Another example is that universal masking does NOT carry enough benefits to warrant that implementation. Individuals may decide to mask based on their risk estimates, but at the public health level, controlled trials are needed to show a benefit before implementation.
Visitation bans in hospitals would similarly need to be carefully weighed against the harms they might cause, and be limited to cases where the benefits are clear.
Shutting down daycares and/or schools might be considered if it spreads in children. However, data are needed to support either choice, given the clear costs these measures have. While Shrike expects daycares to be germ centers, that suspicion is insufficient grounds on which to base public health policy. Data are needed, and even then, people may be able to make their own decisions on the risk to their children.
This is a fine line to walk, and will end up a judgment call, depending on your biases and beliefs. To that end, this goal needs to be discussed in public, along with all other considerations from multiple stakeholders. For example, current US responses have tried to balance anti-monkeypox messaging with other concerns. For example, health officials have been reluctant to point out monkeypox is currently spread primarily between gay men. Echoes of the start of the HIV pandemic have led to a fear that by focusing on gay orgies, the gay community would be stigmatized, and the risk to everyone else minimized. The strength of this response is that it is considering other aspects of policy when choosing monkeypox messaging. The weakness of this response is that there are no data suggesting the gay community is being stigmatized over monkeypox, nor that the community would be put at increased risk by saying ‘hold off on the orgies for now’. Conflating the entire gay community with massive orgies in the minds of the population is also a weakness of this reluctance.

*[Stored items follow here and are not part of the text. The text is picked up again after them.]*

(* Let $d\in\{3,4,5\}$. There exists $\delta>0$ such that for all $(\alpha,p)\in\Omega_{d,\delta}:=[d-2-\delta,d-2+\delta]\times[2,2+\delta]$ and all $u\in\mathbb{X}_d$, the operators $V_{u,\alpha,p}$ and $\mathcal{A}_{u,\alpha,p}$ are bounded linear operators from $\mathbb{X}_d$ to $L^2_{rad}(\mathbb{R}^d)$.
   Context: $\mathbb{X}_d:=L^2_{rad}(\mathbb{R}^d)\cap L^{10}_{rad}(\mathbb{R}^d)$ (radial functions) with norm $\|u\|_{L^2}+\|u\|_{L^{10}}$. $V_{u,\alpha,p}$ is the multiplication operator by the function $(|\cdot|^{-\alpha}*|u|^p)|u|^{p-2}$, and $\mathcal{A}_{u,\alpha,p}\xi:=\big(|\cdot|^{-\alpha}*(|u|^{p-2}u\xi)\big)|u|^{p-2}u$. *)

theory Defs
  imports "HOL-Analysis.Analysis"
begin

text \<open>Functions on R^d are modelled as real-valued functions on real^'n (d = CARD('n)),
  with Lebesgue measure. Membership in function spaces is up to a.e. equality.\<close>

definition radial_ae :: "('a::euclidean_space \<Rightarrow> real) \<Rightarrow> bool" where
  "radial_ae f \<longleftrightarrow> (\<exists>g. (\<forall>x y. norm x = norm y \<longrightarrow> g x = g y) \<and>
                        (AE x in lebesgue. f x = g x))"

definition memLp :: "real \<Rightarrow> ('a::euclidean_space \<Rightarrow> real) \<Rightarrow> bool" where
  "memLp q f \<longleftrightarrow> f \<in> borel_measurable lebesgue \<and> integrable lebesgue (\<lambda>x. \<bar>f x\<bar> powr q)"

definition Lp_norm :: "real \<Rightarrow> ('a::euclidean_space \<Rightarrow> real) \<Rightarrow> real" where
  "Lp_norm q f = (LINT x|lebesgue. \<bar>f x\<bar> powr q) powr (1 / q)"

definition L2rad :: "('a::euclidean_space \<Rightarrow> real) set" where
  "L2rad = {f. memLp 2 f \<and> radial_ae f}"

definition Xd :: "('a::euclidean_space \<Rightarrow> real) set" where
  "Xd = {f. memLp 2 f \<and> memLp 10 f \<and> radial_ae f}"

definition Xnorm :: "('a::euclidean_space \<Rightarrow> real) \<Rightarrow> real" where
  "Xnorm f = Lp_norm 2 f + Lp_norm 10 f"

text \<open>|t|^a with the convention |t|^0 = 1 (also at t = 0).\<close>
definition abspow :: "real \<Rightarrow> real \<Rightarrow> real" where
  "abspow t a = (if a = 0 then 1 else \<bar>t\<bar> powr a)"

definition rconv :: "real \<Rightarrow> ('a::euclidean_space \<Rightarrow> real) \<Rightarrow> 'a \<Rightarrow> real" where
  "rconv \<alpha> f x = (LINT y|lebesgue. norm (x - y) powr (- \<alpha>) * f y)"

definition V_op :: "('a::euclidean_space \<Rightarrow> real) \<Rightarrow> real \<Rightarrow> real \<Rightarrow> ('a \<Rightarrow> real) \<Rightarrow> 'a \<Rightarrow> real" where
  "V_op u \<alpha> p \<xi> x = rconv \<alpha> (\<lambda>y. abspow (u y) p) x * abspow (u x) (p - 2) * \<xi> x"

definition A_op :: "('a::euclidean_space \<Rightarrow> real) \<Rightarrow> real \<Rightarrow> real \<Rightarrow> ('a \<Rightarrow> real) \<Rightarrow> 'a \<Rightarrow> real" where
  "A_op u \<alpha> p \<xi> x = rconv \<alpha> (\<lambda>y. abspow (u y) (p - 2) * u y * \<xi> y) x * (abspow (u x) (p - 2) * u x)"

definition bounded_linear_X_L2rad :: "(('a::euclidean_space \<Rightarrow> real) \<Rightarrow> ('a \<Rightarrow> real)) \<Rightarrow> bool" where
  "bounded_linear_X_L2rad T \<longleftrightarrow>
     (\<forall>\<xi>\<in>Xd. T \<xi> \<in> L2rad) \<and>
     (\<forall>\<xi>\<in>Xd. \<forall>\<eta>\<in>Xd. \<forall>a b::real.
        AE x in lebesgue. T (\<lambda>y. a * \<xi> y + b * \<eta> y) x = a * T \<xi> x + b * T \<eta> x) \<and>
     (\<exists>C. \<forall>\<xi>\<in>Xd. Lp_norm 2 (T \<xi>) \<le> C * Xnorm \<xi>)"

end

theory Submission
  imports Defs
begin

text \<open>Young's inequality splits the kernel pointwise,
  \<open>|z|\<^sup>-\<^sup>\<alpha> |f| \<le> |f| + |f|\<^sup>4 + 1\<^bsub>|z| < 1\<^esub> |z|\<^sup>-\<^sup>4\<^sup>\<alpha>\<^sup>/\<^sup>3\<close>, and the last term is
  integrable because \<open>4\<alpha>/3 < d\<close> for \<open>\<alpha>\<close> near \<open>d - 2\<close>. Hence \<open>|\<cdot>|\<^sup>-\<^sup>\<alpha> * F\<close> is bounded by
  \<open>\<integral>G\<close> plus a constant whenever \<open>|F| + |F|\<^sup>4 \<le> G\<close> with \<open>G\<close> integrable. For \<open>p\<close> close to 2 this
  applies to \<open>F = |u|\<^sup>p\<close> and \<open>F = |u|\<^sup>p\<^sup>-\<^sup>2 u \<xi>\<close>, since every power \<open>|t|\<^sup>e\<close> with
  \<open>2 \<le> e \<le> 10\<close> is dominated by \<open>|t|\<^sup>2 + |t|\<^sup>1\<^sup>0\<close>; the same domination makes the remaining
  factors \<open>|u|\<^sup>p\<^sup>-\<^sup>2 \<xi>\<close> and \<open>|u|\<^sup>p\<^sup>-\<^sup>2 u\<close> square integrable. The convolutions are radial because
  Lebesgue measure is invariant under orthogonal maps.\<close>

section \<open>Rotation invariance of Lebesgue measure\<close>

lemma borel_measurable_linear:
  fixes f :: "'a::euclidean_space \<Rightarrow> 'b::euclidean_space"
  assumes "linear f"
  shows "f \<in> borel_measurable borel"
  using assms by (intro borel_measurable_continuous_onI linear_continuous_on)
    (simp add: linear_conv_bounded_linear)

lemma lborel_distr_orthogonal_wellorder:
  fixes Q :: "real^'m::{finite,wellorder} \<Rightarrow> real^'m::_"
  assumes Q: "orthogonal_transformation Q"
  shows "distr lborel borel Q = lborel"
proof (rule lborel_eqI[symmetric])
  have lin: "linear Q" using Q orthogonal_transformation_linear by blast
  have Qi: "orthogonal_transformation (inv Q)" using Q orthogonal_transformation_inv by blast
  fix l u :: "real^'m::_" assume le: "\<And>b. b \<in> Basis \<Longrightarrow> l \<bullet> b \<le> u \<bullet> b"
  have pre: "Q -` box l u = inv Q ` box l u"
    using Q orthogonal_transformation_bij bij_vimage_eq_inv_image by blast
  have "open (Q -` box l u)"
    using lin by (intro open_vimage open_box linear_continuous_on) (simp add: linear_conv_bounded_linear)
  then have "emeasure (distr lborel borel Q) (box l u) = emeasure lebesgue (inv Q ` box l u)"
    using borel_measurable_linear[OF lin] pre by (subst emeasure_distr) auto
  also have "\<dots> = ennreal (measure lebesgue (box l u))"
    using measurable_orthogonal_image[OF Qi] measure_orthogonal_image[OF Qi, of "box l u"]
    by (simp add: emeasure_eq_measure2)
  also have "\<dots> = ennreal (\<Prod>b\<in>Basis. (u - l) \<bullet> b)"
    using emeasure_lborel_box[OF le] by (simp add: emeasure_eq_measure2)
  finally show "emeasure (distr lborel borel Q) (box l u) = (\<Prod>b\<in>Basis. (u - l) \<bullet> b)" .
qed simp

Do not overthrow the historical, core governing principles of the US
There is a strong temptation with public health to become authoritarian. Legislative bodies are slow, and executive (or even public health level) decisions are much faster. People will inevitably make suboptimal decisions, and these decisions may either put others directly at risk, or cost health care resources. Making decisions for them seems like it is easier for all parties.
Aside from being associated with the largest bioterror attack in the US, Osho also made key insights into democracy that many agree with, even if they might say it differently.
Ordering people around can accomplish specific policy goals. In some cases, that might even be necessary. However. Those cases are the exception rather than the rule.
For example, closing businesses like spas over monkeypox would fall into the ‘overthrowing core governing principles’. Vaccine mandates for monkeypox in order to exist in society would also fall into this category. Suppression of “misinformation” also fits here because “misinformation” means ‘everything with which the regime disagrees’. Free and vigorous discussion are both a foundation of the US, and beneficial to improving public policy.
If you have a public health official pushing for government over-reach, the best thing that can be done for public health is to publicly fire them and distance yourself from them. Trust is low in public health due to the public health abuses during COVID-19. That trust needs to be restored, and that comes from including the public in discussions, resolving objections, and working from the most up-to-date, publicly available data.
Without trust, the only option left to public health is authoritarian rule. This becomes a death spiral because a subset of people will resist authoritarian rule simply because it is authoritarian rule. This leads to police crackdowns, which angers more people, and proceeds to fracture society.